** Given entries **
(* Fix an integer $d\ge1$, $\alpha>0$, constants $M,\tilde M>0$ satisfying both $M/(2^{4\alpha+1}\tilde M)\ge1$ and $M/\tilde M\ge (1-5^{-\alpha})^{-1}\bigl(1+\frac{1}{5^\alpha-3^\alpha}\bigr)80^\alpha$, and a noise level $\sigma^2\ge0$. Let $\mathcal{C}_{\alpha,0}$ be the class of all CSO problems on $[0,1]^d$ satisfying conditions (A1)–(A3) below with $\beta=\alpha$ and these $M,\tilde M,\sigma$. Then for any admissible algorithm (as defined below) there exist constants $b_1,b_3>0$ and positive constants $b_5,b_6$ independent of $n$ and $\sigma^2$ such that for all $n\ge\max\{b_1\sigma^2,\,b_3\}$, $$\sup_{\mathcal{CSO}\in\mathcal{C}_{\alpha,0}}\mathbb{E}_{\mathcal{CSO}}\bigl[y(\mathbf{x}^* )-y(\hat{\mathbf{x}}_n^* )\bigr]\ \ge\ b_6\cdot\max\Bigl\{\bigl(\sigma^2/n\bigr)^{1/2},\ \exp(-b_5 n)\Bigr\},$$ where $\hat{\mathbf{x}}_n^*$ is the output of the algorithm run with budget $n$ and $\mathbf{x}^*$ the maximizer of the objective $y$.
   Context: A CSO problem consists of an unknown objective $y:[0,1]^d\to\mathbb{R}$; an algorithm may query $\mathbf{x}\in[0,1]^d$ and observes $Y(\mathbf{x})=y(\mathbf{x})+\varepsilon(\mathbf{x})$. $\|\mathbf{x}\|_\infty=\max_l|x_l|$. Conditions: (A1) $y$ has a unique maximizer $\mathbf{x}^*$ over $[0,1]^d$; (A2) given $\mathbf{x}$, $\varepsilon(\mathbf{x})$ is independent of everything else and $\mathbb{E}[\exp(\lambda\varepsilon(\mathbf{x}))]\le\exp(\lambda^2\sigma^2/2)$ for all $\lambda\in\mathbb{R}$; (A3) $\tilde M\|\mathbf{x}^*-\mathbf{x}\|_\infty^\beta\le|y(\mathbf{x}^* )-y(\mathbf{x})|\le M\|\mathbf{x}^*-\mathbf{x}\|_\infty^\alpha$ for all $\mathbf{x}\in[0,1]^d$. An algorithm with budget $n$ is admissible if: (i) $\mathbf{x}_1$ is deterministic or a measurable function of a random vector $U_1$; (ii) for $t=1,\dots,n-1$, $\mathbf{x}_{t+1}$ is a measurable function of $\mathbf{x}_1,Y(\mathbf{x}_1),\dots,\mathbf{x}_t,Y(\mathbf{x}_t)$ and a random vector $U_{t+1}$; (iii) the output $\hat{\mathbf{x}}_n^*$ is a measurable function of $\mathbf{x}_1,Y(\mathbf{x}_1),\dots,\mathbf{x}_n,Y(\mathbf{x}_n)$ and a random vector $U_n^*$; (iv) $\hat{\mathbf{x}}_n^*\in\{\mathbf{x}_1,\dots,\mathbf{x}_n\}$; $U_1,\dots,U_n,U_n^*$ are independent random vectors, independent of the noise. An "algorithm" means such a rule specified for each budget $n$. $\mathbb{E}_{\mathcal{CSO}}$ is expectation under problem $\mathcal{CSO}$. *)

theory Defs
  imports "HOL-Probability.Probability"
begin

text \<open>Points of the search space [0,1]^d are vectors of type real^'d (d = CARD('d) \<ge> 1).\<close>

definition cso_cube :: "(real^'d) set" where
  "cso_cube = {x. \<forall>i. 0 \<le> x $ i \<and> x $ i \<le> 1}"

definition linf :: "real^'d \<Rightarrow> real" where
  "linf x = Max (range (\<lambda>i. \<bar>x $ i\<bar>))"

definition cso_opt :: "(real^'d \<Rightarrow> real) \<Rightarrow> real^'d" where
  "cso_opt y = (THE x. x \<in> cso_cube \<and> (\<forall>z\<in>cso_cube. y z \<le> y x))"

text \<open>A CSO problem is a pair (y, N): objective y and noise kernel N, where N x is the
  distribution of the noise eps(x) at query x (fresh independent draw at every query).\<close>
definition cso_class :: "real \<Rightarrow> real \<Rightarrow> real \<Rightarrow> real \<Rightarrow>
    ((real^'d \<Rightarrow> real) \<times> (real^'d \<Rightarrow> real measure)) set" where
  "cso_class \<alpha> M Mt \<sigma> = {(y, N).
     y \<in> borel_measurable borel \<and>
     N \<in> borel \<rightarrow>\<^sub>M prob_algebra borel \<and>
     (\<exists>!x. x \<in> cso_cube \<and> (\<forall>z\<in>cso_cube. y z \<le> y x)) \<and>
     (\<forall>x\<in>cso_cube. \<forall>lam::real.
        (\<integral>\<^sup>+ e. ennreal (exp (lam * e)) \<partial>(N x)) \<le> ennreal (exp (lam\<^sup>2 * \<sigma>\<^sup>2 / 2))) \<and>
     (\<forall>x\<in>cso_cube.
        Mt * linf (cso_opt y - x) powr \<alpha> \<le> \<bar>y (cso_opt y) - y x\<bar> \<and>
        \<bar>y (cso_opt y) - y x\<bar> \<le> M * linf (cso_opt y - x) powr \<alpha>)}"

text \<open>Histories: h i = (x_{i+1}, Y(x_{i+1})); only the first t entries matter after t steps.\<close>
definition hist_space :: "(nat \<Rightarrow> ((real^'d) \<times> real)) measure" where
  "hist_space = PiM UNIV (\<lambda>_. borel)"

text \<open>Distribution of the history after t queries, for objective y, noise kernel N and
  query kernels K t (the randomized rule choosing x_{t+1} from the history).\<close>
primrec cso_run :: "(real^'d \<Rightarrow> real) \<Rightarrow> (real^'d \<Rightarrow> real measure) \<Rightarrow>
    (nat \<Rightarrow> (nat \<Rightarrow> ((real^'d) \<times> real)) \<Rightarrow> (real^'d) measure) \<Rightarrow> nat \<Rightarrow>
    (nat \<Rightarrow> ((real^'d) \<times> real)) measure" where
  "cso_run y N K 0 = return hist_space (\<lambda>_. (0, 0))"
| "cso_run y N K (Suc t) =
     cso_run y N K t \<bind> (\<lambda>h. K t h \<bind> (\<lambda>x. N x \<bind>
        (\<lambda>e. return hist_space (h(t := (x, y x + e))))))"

** Required action **
Using the entries above, output exactly the lines between the line holding "Mt * linf (cso_opt" and the line holding "real measure) \<Rightarrow>", end lines included, and nothing more.

** Task solution **
        Mt * linf (cso_opt y - x) powr \<alpha> \<le> \<bar>y (cso_opt y) - y x\<bar> \<and>
        \<bar>y (cso_opt y) - y x\<bar> \<le> M * linf (cso_opt y - x) powr \<alpha>)}"

text \<open>Histories: h i = (x_{i+1}, Y(x_{i+1})); only the first t entries matter after t steps.\<close>
definition hist_space :: "(nat \<Rightarrow> ((real^'d) \<times> real)) measure" where
  "hist_space = PiM UNIV (\<lambda>_. borel)"

text \<open>Distribution of the history after t queries, for objective y, noise kernel N and
  query kernels K t (the randomized rule choosing x_{t+1} from the history).\<close>
primrec cso_run :: "(real^'d \<Rightarrow> real) \<Rightarrow> (real^'d \<Rightarrow> real measure) \<Rightarrow>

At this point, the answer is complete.